### Task brief
Every line that contains the word "lemma" should be copied from the records below.

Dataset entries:
----------
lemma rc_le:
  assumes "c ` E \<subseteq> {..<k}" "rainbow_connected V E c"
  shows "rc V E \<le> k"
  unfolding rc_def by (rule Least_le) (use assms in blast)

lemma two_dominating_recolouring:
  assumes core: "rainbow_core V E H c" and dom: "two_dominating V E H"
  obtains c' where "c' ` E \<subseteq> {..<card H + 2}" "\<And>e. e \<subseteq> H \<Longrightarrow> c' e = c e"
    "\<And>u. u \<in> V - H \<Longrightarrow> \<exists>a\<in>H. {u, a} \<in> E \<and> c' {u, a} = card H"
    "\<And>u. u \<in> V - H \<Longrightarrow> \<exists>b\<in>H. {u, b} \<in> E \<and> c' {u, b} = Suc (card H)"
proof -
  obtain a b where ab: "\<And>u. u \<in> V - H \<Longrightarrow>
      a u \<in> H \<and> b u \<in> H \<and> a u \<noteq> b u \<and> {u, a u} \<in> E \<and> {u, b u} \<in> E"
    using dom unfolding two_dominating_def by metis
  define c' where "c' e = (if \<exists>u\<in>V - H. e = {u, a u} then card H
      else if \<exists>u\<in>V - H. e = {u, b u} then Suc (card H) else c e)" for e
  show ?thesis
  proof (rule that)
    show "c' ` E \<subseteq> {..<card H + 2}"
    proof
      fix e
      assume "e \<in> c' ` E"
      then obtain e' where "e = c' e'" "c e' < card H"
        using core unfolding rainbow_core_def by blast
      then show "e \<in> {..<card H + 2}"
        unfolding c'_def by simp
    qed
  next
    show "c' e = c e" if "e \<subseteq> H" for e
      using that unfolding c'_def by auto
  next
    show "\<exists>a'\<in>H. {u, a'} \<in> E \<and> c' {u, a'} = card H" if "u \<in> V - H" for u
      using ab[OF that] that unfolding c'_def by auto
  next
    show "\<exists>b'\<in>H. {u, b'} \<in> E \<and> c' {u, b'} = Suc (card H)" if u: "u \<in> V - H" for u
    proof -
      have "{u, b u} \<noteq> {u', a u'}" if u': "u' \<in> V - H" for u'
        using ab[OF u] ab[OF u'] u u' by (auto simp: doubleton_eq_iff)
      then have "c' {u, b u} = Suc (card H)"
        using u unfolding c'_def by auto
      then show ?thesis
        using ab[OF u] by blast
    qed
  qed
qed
----------
### Answer section
lemma rc_le:
lemma two_dominating_recolouring:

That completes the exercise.